WHAT TO WORK ON.
Given the records below, would you repeat exactly the lines that begin at the one containing "is a domain.\<close>" and end at the one containing "then show False", inclusive?

Collected data entries.

text \<open>Hence, for \<open>\<sigma>\<close> in the stabiliser, \<open>sep \<cdot> x \<cdot> \<sigma>(x) = 0\<close> forces \<open>sep \<cdot> x = 0\<close>, as
  \<open>sep \<cdot> B\<close> is a domain.\<close>

lemma sep_annihilates_shift_product:
  assumes stab: "transl \<sigma> = n" and prod: "sep * (x * act \<sigma> x) = 0"
  shows "sep * x = 0"
proof (rule ccontr)
  assume nz: "sep * x \<noteq> 0"
  have "sep * act \<sigma> x = act \<sigma> (sep * x)"
    using sep_stable[OF stab] by (simp add: ring_hom_mult[OF hom])
  then have "sep * act \<sigma> x \<noteq> 0"
    using nz by (simp add: diff_ring_eq_0_iff[OF dr])
  then show False
    using sep_domain[OF nz] prod by blast
qed

end


section \<open>Splitting idempotents\<close>

text \<open>An idempotent \<open>e\<close> of a difference ring \<open>B\<close> is \<^emph>\<open>splitting\<close> if its translates form a
  complete family of orthogonal idempotents and \<open>e B\<close> is a field (with unit \<open>e\<close>); then
  \<open>B \<cong> Fun (e B)\<close>.\<close>

definition splitting_idempotent :: "('s::finite \<Rightarrow> 'b::comm_ring_1 \<Rightarrow> 'b) \<Rightarrow> 'b \<Rightarrow> bool" where
  "splitting_idempotent act e \<longleftrightarrow> e * e = e \<and> e \<noteq> 0 \<and>
     (\<forall>\<sigma> \<tau>. \<sigma> \<noteq> \<tau> \<longrightarrow> act \<sigma> e * act \<tau> e = 0) \<and> (\<Sum>\<sigma>\<in>UNIV. act \<sigma> e) = 1 \<and>
     (\<forall>b. e * b \<noteq> 0 \<longrightarrow> (\<exists>c. e * b * c = e))"

lemma idempotent_power: "e * e = e \<Longrightarrow> (e::'a::monoid_mult) ^ Suc k = e"
  by (induction k) simp_all

context
  fixes act :: "'s::{group_add,finite} \<Rightarrow> 'b::comm_ring_1 \<Rightarrow> 'b" and e :: 'b
  assumes split: "splitting_idempotent act e"
begin

lemma splitting_idem: "e * e = e"
  using split unfolding splitting_idempotent_def by blast

lemma splitting_nonzero: "e \<noteq> 0"
  using split unfolding splitting_idempotent_def by blast

lemma splitting_orthogonal: "\<sigma> \<noteq> \<tau> \<Longrightarrow> act \<sigma> e * act \<tau> e = 0"
  using split unfolding splitting_idempotent_def by blast

lemma splitting_sum: "(\<Sum>\<sigma>\<in>UNIV. act \<sigma> e) = 1"
  using split unfolding splitting_idempotent_def by blast

lemma splitting_field: "e * b \<noteq> 0 \<Longrightarrow> \<exists>c. e * b * c = e"
  using split unfolding splitting_idempotent_def by blast

lemma splitting_translate:
  assumes dr: "difference_ring act"
  shows "splitting_idempotent act (act \<sigma> e)"
  unfolding splitting_idempotent_def
proof (intro conjI allI impI)
  note hom = diff_ring_hom[OF dr]
  show "act \<sigma> e * act \<sigma> e = act \<sigma> e"
    by (simp add: ring_hom_mult[OF hom, symmetric] splitting_idem)
  show "act \<sigma> e \<noteq> 0"
    by (simp add: diff_ring_eq_0_iff[OF dr] splitting_nonzero)
  show "act \<rho> (act \<sigma> e) * act \<tau> (act \<sigma> e) = 0" if "\<rho> \<noteq> \<tau>" for \<rho> \<tau>
    using splitting_orthogonal[of "\<rho> + \<sigma>" "\<tau> + \<sigma>"] that
    by (simp add: diff_ring_add[OF dr, symmetric])
  show "(\<Sum>\<rho>\<in>UNIV. act \<rho> (act \<sigma> e)) = 1"
    using sum_translate_right[where \<tau>=\<sigma> and g="\<lambda>\<rho>. act \<rho> e"] splitting_sum
    by (simp add: diff_ring_add[OF dr, symmetric])
  fix b assume "act \<sigma> e * b \<noteq> 0"
  moreover have "act (- \<sigma>) (act \<sigma> e * b) = e * act (- \<sigma>) b"
    by (simp add: ring_hom_mult[OF hom] diff_ring_inv_left[OF dr])
  ultimately have "e * act (- \<sigma>) b \<noteq> 0"
    using diff_ring_eq_0_iff[OF dr] by metis
  then obtain c where "e * act (- \<sigma>) b * c = e"
    using splitting_field by blast
  then have "act \<sigma> e * b * act \<sigma> c = act \<sigma> e"
    by (metis ring_hom_mult[OF hom] diff_ring_inv_right[OF dr])
  then show "\<exists>c. act \<sigma> e * b * c = act \<sigma> e"
    by blast
qed

end


section \<open>Difference closed pseudofields split\<close>

text \<open>If \<open>B\<close> is difference closed, the stabiliser of a maximal ideal \<open>n\<close> is trivial, so the
  translates of the idempotent \<open>sep\<close> (which separates \<open>n\<close> from its other translates) are
  orthogonal and sum to \<open>1\<close>: \<open>sep\<close> is a splitting idempotent.\<close>

locale pseudofield_max_dclosed = pseudofield_max act n
  for act :: "'s::{group_add,finite} \<Rightarrow> 'b::comm_ring_1 \<Rightarrow> 'b" and n +
  assumes dc: "difference_closed act"
begin

text \<open>If \<open>\<sigma> \<noteq> 0\<close> stabilised \<open>n\<close>, then \<open>sep \<cdot> y\<close> would vanish on the zeros of
  \<open>sep \<cdot> y \<cdot> \<sigma>(y)\<close> (because \<open>sep \<cdot> B\<close> is a domain fixed by \<open>\<sigma>\<close>), so a power of \<open>sep \<cdot> y\<close>
  would lie in the difference ideal \<open>[sep \<cdot> y \<cdot> \<sigma>(y)]\<close>.  Evaluating \<open>y \<mapsto> sep\<close> and all other
  \<open>\<rho>(y) \<mapsto> 0\<close> kills this ideal but not the power.\<close>

lemma stabilizer_trivial:
  assumes stab: "transl \<sigma> = n"
  shows "\<sigma> = 0"
proof (rule ccontr)
  assume \<sigma>: "\<sigma> \<noteq> 0"
  define m :: "'s \<times> nat \<Rightarrow>\<^sub>0 nat" where
    "m = Poly_Mapping.single (0, 0) 1 + Poly_Mapping.single (\<sigma>, 0) 1"
  define g :: "('s, 'b) dpoly" where "g = Poly_Mapping.single m sep"
  define f :: "('s, 'b) dpoly" where "f = Poly_Mapping.single (Poly_Mapping.single (0, 0) 1) sep"
  have "Poly_Mapping.keys m \<subseteq> {(0, 0), (\<sigma>, 0)}"
    unfolding m_def
    using keys_add[of "Poly_Mapping.single (0, 0) 1" "Poly_Mapping.single (\<sigma>, 0) (1::nat)"]
    by auto
  then have g: "g \<in> dpolys 1"
    unfolding g_def dpolys_def by (auto simp: keys_single)
  have f: "f \<in> dpolys 1"
    unfolding f_def by (rule dpolys_single_var0)
  have eval_g: "dpoly_eval act x g = sep * (x 0 * act \<sigma> (x 0))" for x
    by (simp add: dpoly_eval_pm_eval g_def m_def pm_eval_single monom_val_add monom_val_single
                  diff_ring_0[OF dr])
  have eval_f: "dpoly_eval act x f = sep * x 0" for x
    by (simp add: dpoly_eval_pm_eval f_def pm_eval_single monom_val_single diff_ring_0[OF dr])
  have "dpoly_eval act x f = 0" if "\<forall>g'\<in>dideal_gen act g. dpoly_eval act x g' = 0" for x
  proof -
    have "sep * (x 0 * act \<sigma> (x 0)) = 0"
      using that dideal_gen_generator[OF dr g] eval_g by metis
    then show ?thesis
      using sep_annihilates_shift_product[OF stab] eval_f by metis
  qed
  then obtain k h where fk: "f ^ k = (\<Sum>\<rho>\<in>UNIV. h \<rho> * dpoly_act act \<rho> g)"
    using difference_closed_nullstellensatz[OF dc g f] by blast
  define val :: "'s \<times> nat \<Rightarrow> 'b" where "val v = (if v = (0, 0) then sep else 0)" for v
  let ?E = "pm_eval id val"
  have E: "ring_hom ?E"
    by (rule pm_eval_ring_hom[OF ring_hom_id])
  have "?E (f ^ k) = sep ^ k"
    by (simp add: ring_hom_power[OF E] f_def pm_eval_single monom_val_single val_def sep_idem)
  moreover have "sep ^ k \<noteq> 0"
    using pseudofield_nontrivial[OF pf] sep_nonzero idempotent_power[OF sep_idem]
    by (cases k) simp_all
  moreover have "?E (dpoly_act act \<rho> g) = 0" for \<rho>
  proof -
    have "mon_shift \<rho> m = Poly_Mapping.single (\<rho>, 0) 1 + Poly_Mapping.single (\<rho> + \<sigma>, 0) 1"
      by (simp add: m_def mon_shift_add mon_shift_single)
    moreover have "val (\<rho>, 0) * val (\<rho> + \<sigma>, 0) = 0"
      using \<sigma> by (auto simp: val_def)
    ultimately show ?thesis
      by (simp add: g_def dpoly_act_single[OF dr] pm_eval_single monom_val_add monom_val_single)
  qed
  ultimately show False
    using fk by (simp add: ring_hom_sum[OF E] ring_hom_mult[OF E])
qed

ANSWER SPACE.
  \<open>sep \<cdot> B\<close> is a domain.\<close>

lemma sep_annihilates_shift_product:
  assumes stab: "transl \<sigma> = n" and prod: "sep * (x * act \<sigma> x) = 0"
  shows "sep * x = 0"
proof (rule ccontr)
  assume nz: "sep * x \<noteq> 0"
  have "sep * act \<sigma> x = act \<sigma> (sep * x)"
    using sep_stable[OF stab] by (simp add: ring_hom_mult[OF hom])
  then have "sep * act \<sigma> x \<noteq> 0"
    using nz by (simp add: diff_ring_eq_0_iff[OF dr])
  then show False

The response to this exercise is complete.